▸ **WORK TO COMPLETE**: Extract each line of the records below that contains the word "times".

▸ **AVAILABLE DATA**:
(* For integers $n\ge0$ and $s,r\ge2$, $$\sum_{a+b=n}\zeta^\star(\{s\}^a)\,\zeta(sb+r)=\sum_{a+b=n}\zeta^\star(\{s\}^a,r,\{s\}^b),$$ the sums being over nonnegative integers $a,b$ with $a+b=n$.
   Context: $\zeta^\star(\alpha_1,\ldots,\alpha_k)=\sum_{1\le k_1\le\cdots\le k_k}k_1^{-\alpha_1}\cdots k_k^{-\alpha_k}$, with the convention $\zeta^\star(\{s\}^0)=1$; $\{s\}^a$ denotes $a$ repetitions of $s$; $\zeta$ is the Riemann zeta function. *)

theory Defs
  imports "HOL-Analysis.Analysis"
begin

definition rzeta :: "nat \<Rightarrow> real" where
  "rzeta s = (\<Sum>n. 1 / (real (Suc n)) ^ s)"

(* For the empty list this gives 1 (the single empty tuple, empty product). *)
definition zeta_star :: "nat list \<Rightarrow> real" where
  "zeta_star as =
     infsum (\<lambda>ks. \<Prod>i<length as. 1 / (real (ks ! i)) ^ (as ! i))
            {ks. length ks = length as \<and> sorted ks \<and> (\<forall>k\<in>set ks. 0 < k)}"

end

theory Submission
  imports Defs
begin

(* Both sides are sums of the same nonnegative terms over index sets in bijection. Expanded, the
   left side sums c_1^-s ... c_a^-s m^-(s(n-a)+r) over a <= n, sorted positive tuples c of length a
   and m >= 1; the right side sums the terms of zeta*({s}^a, r, {s}^(n-a)) over a <= n and sorted
   positive tuples k of length n+1 whose entry at position a carries the exponent r. Inserting m
   into c as a run of n-a+1 equal entries, the first of which carries r, is a term-preserving
   bijection between the two index sets; its inverse deletes the entry at position a together
   with the later entries equal to it. *)

lemma has_sum_rzeta:
  assumes "k \<ge> 2"
  shows "((\<lambda>m::nat. 1 / real m ^ k) has_sum rzeta k) {m. 0 < m}"
proof -
  have "(\<lambda>n. 1 / real (Suc n) ^ k) sums rzeta k"
    unfolding rzeta_def using inverse_power_summable[OF assms] summable_Suc_iff[of "\<lambda>n. 1 / real n ^ k"]
    by (intro summable_sums) (simp add: inverse_eq_divide)
  then have "((\<lambda>m::nat. 1 / real m ^ k) has_sum rzeta k) (range Suc)"
    by (subst has_sum_reindex) (auto simp: o_def intro: sums_nonneg_imp_has_sum)
  moreover have "range Suc = {m. 0 < m}"
    using gr0_implies_Suc by auto
  ultimately show ?thesis by simp
qed

lemma nonneg_has_sum_SigmaI:
  fixes f :: "'a \<times> 'b \<Rightarrow> real"
  assumes "\<And>x. x \<in> A \<Longrightarrow> ((\<lambda>y. f (x, y)) has_sum g x) (B x)"
    and "(g has_sum S) A"
    and "\<And>x y. x \<in> A \<Longrightarrow> y \<in> B x \<Longrightarrow> f (x, y) \<ge> 0"
  shows "(f has_sum S) (Sigma A B)"
  using assms by (intro has_sum_SigmaI summable_on_SigmaI) (auto dest: has_sum_imp_summable)

lemma nonneg_has_sum_mult:
  fixes f :: "'a \<Rightarrow> real" and g :: "'b \<Rightarrow> real"
  assumes "(f has_sum x) A" and "(g has_sum y) B"
    and "\<And>p. p \<in> A \<Longrightarrow> f p \<ge> 0" and "\<And>q. q \<in> B \<Longrightarrow> g q \<ge> 0"
  shows "((\<lambda>(p, q). f p * g q) has_sum (x * y)) (A \<times> B)"
  using assms by (intro nonneg_has_sum_SigmaI[where g = "\<lambda>p. f p * y"])
    (auto intro: has_sum_cmult_right has_sum_cmult_left)

definition inv_pow_prod :: "nat \<Rightarrow> nat list \<Rightarrow> real" where
  "inv_pow_prod s ks = (\<Prod>k\<leftarrow>ks. 1 / real k ^ s)"

lemma inv_pow_prod_simps [simp]:
  "inv_pow_prod s [] = 1"
  "inv_pow_prod s (k # ks) = 1 / real k ^ s * inv_pow_prod s ks"
  "inv_pow_prod s (ks @ ls) = inv_pow_prod s ks * inv_pow_prod s ls"
  "inv_pow_prod s (replicate b m) = 1 / real m ^ (s * b)"
  by (simp_all add: inv_pow_prod_def prod_list_replicate power_mult power_one_over)

lemma inv_pow_prod_nonneg: "inv_pow_prod s ks \<ge> 0"
  by (induction ks) auto

definition zs_term :: "nat list \<Rightarrow> nat list \<Rightarrow> real" where
  "zs_term es ks = (\<Prod>i<length es. 1 / real (ks ! i) ^ (es ! i))"

definition sorted_pos_lists :: "nat \<Rightarrow> nat list set" where
  "sorted_pos_lists l = {ks. length ks = l \<and> sorted ks \<and> (\<forall>k\<in>set ks. 0 < k)}"

lemma zeta_star_eq_infsum: "zeta_star es = infsum (zs_term es) (sorted_pos_lists (length es))"
  unfolding zeta_star_def zs_term_def sorted_pos_lists_def ..

lemma zs_term_simps [simp]:
  "zs_term [] ks = 1"
  "zs_term (e # es) (k # ks) = 1 / real k ^ e * zs_term es ks"
  by (simp_all add: zs_term_def prod.lessThan_Suc_shift del: prod.lessThan_Suc)

lemma zs_term_append:
  "length ks = length es \<Longrightarrow> zs_term (es @ fs) (ks @ ls) = zs_term es ks * zs_term fs ls"
  by (induction ks es rule: list_induct2) simp_all

lemma zs_term_replicate: "length ks = a \<Longrightarrow> zs_term (replicate a s) ks = inv_pow_prod s ks"
  by (induction ks arbitrary: a) auto

lemma zs_term_marked:
  "zs_term (replicate (length xs) s @ [r] @ replicate (length ys) s) (xs @ m # ys)
     = inv_pow_prod s xs * (1 / real m ^ r) * inv_pow_prod s ys"
  using zs_term_append[of xs "replicate (length xs) s"] by (simp add: zs_term_replicate)

lemma has_sum_inv_pow_prod_pos_lists:
  assumes "s \<ge> 2"
  shows "(inv_pow_prod s has_sum rzeta s ^ l) {ks. length ks = l \<and> (\<forall>k\<in>set ks. 0 < k)}"
proof (induction l)
  case 0
  have "{ks :: nat list. length ks = 0 \<and> (\<forall>k\<in>set ks. 0 < k)} = {[]}" by auto
  then show ?case using has_sum_finite[of "{[]}" "inv_pow_prod s"] by simp
next
  case (Suc l)
  let ?P = "{ks :: nat list. length ks = l \<and> (\<forall>k\<in>set ks. 0 < k)}"
  have "((\<lambda>(k, ks). 1 / real k ^ s * inv_pow_prod s ks) has_sum rzeta s * rzeta s ^ l) ({k. 0 < k} \<times> ?P)"
    using has_sum_rzeta[OF assms] Suc by (rule nonneg_has_sum_mult) (auto simp: inv_pow_prod_nonneg)
  then have "(inv_pow_prod s has_sum rzeta s ^ Suc l) ((\<lambda>(k, ks). k # ks) ` ({k. 0 < k} \<times> ?P))"
    by (subst has_sum_reindex) (auto simp: inj_on_def o_def split_beta')
  moreover have "(\<lambda>(k, ks). k # ks) ` ({k. 0 < k} \<times> ?P) = {ks. length ks = Suc l \<and> (\<forall>k\<in>set ks. 0 < k)}"
    by (auto simp: image_iff length_Suc_conv)
  ultimately show ?case by simp
qed

lemma has_sum_zeta_star_replicate:
  assumes "s \<ge> 2"
  shows "(inv_pow_prod s has_sum zeta_star (replicate a s)) (sorted_pos_lists a)"
proof -
  have "inv_pow_prod s summable_on sorted_pos_lists a"
    using has_sum_inv_pow_prod_pos_lists[OF assms, of a]
    by (rule summable_on_subset_banach[OF has_sum_imp_summable]) (auto simp: sorted_pos_lists_def)
  moreover have "zeta_star (replicate a s) = infsum (inv_pow_prod s) (sorted_pos_lists a)"
    unfolding zeta_star_eq_infsum by (auto simp: sorted_pos_lists_def zs_term_replicate intro: infsum_cong)
  ultimately show ?thesis by (simp add: has_sum_iff)
qed

lemma sorted_filter_le_append_filter_gt:
  fixes xs :: "'a :: linorder list"
  assumes "sorted xs"
  shows "filter (\<lambda>x. x \<le> m) xs @ filter (\<lambda>x. m < x) xs = xs"
  using assms
proof (induction xs)
  case (Cons x xs)
  show ?case
  proof (cases "x \<le> m")
    case False
    with Cons.prems have "\<forall>y\<in>set xs. m < y" by fastforce
    with False show ?thesis by (auto simp: filter_empty_conv filter_id_conv)
  qed (use Cons in auto)
qed simp

lemma sorted_replicate_append_filter_gt:
  fixes xs :: "'a :: linorder list"
  assumes "sorted xs" and "\<forall>x\<in>set xs. m \<le> x"
  shows "replicate (length (filter (\<lambda>x. x = m) xs)) m @ filter (\<lambda>x. m < x) xs = xs"
  using assms
proof (induction xs)
  case (Cons x xs)
  show ?case
  proof (cases "x = m")
    case False
    with Cons.prems have "\<forall>y\<in>set (x # xs). m < y" by fastforce
    then show ?thesis by (force simp: filter_empty_conv filter_id_conv)
  qed (use Cons in auto)
qed simp

definition insert_run :: "nat \<Rightarrow> nat \<times> nat list \<times> nat \<Rightarrow> nat \<times> nat list" where
  "insert_run n = (\<lambda>(a, cs, m).
     (length (filter (\<lambda>c. c \<le> m) cs),
      filter (\<lambda>c. c \<le> m) cs @ m # replicate (n - a) m @ filter (\<lambda>c. m < c) cs))"

definition remove_run :: "nat \<times> nat list \<Rightarrow> nat \<times> nat list \<times> nat" where
  "remove_run = (\<lambda>(a, ks).
     let cs = take a ks @ filter (\<lambda>k. k \<noteq> ks ! a) (drop (Suc a) ks) in (length cs, cs, ks ! a))"

lemma remove_run_split:
  "remove_run (length xs, xs @ m # ys) =
     (length xs + length (filter (\<lambda>y. y \<noteq> m) ys), xs @ filter (\<lambda>y. y \<noteq> m) ys, m)"
  by (simp add: remove_run_def)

▸ **EXERCISE RESPONSE**:
  fixes f :: "'a \<times> 'b \<Rightarrow> real"
  shows "((\<lambda>(p, q). f p * g q) has_sum (x * y)) (A \<times> B)"
  have "((\<lambda>(k, ks). 1 / real k ^ s * inv_pow_prod s ks) has_sum rzeta s * rzeta s ^ l) ({k. 0 < k} \<times> ?P)"
  then have "(inv_pow_prod s has_sum rzeta s ^ Suc l) ((\<lambda>(k, ks). k # ks) ` ({k. 0 < k} \<times> ?P))"
  moreover have "(\<lambda>(k, ks). k # ks) ` ({k. 0 < k} \<times> ?P) = {ks. length ks = Suc l \<and> (\<forall>k\<in>set ks. 0 < k)}"
definition insert_run :: "nat \<Rightarrow> nat \<times> nat list \<times> nat \<Rightarrow> nat \<times> nat list" where
definition remove_run :: "nat \<times> nat list \<Rightarrow> nat \<times> nat list \<times> nat" where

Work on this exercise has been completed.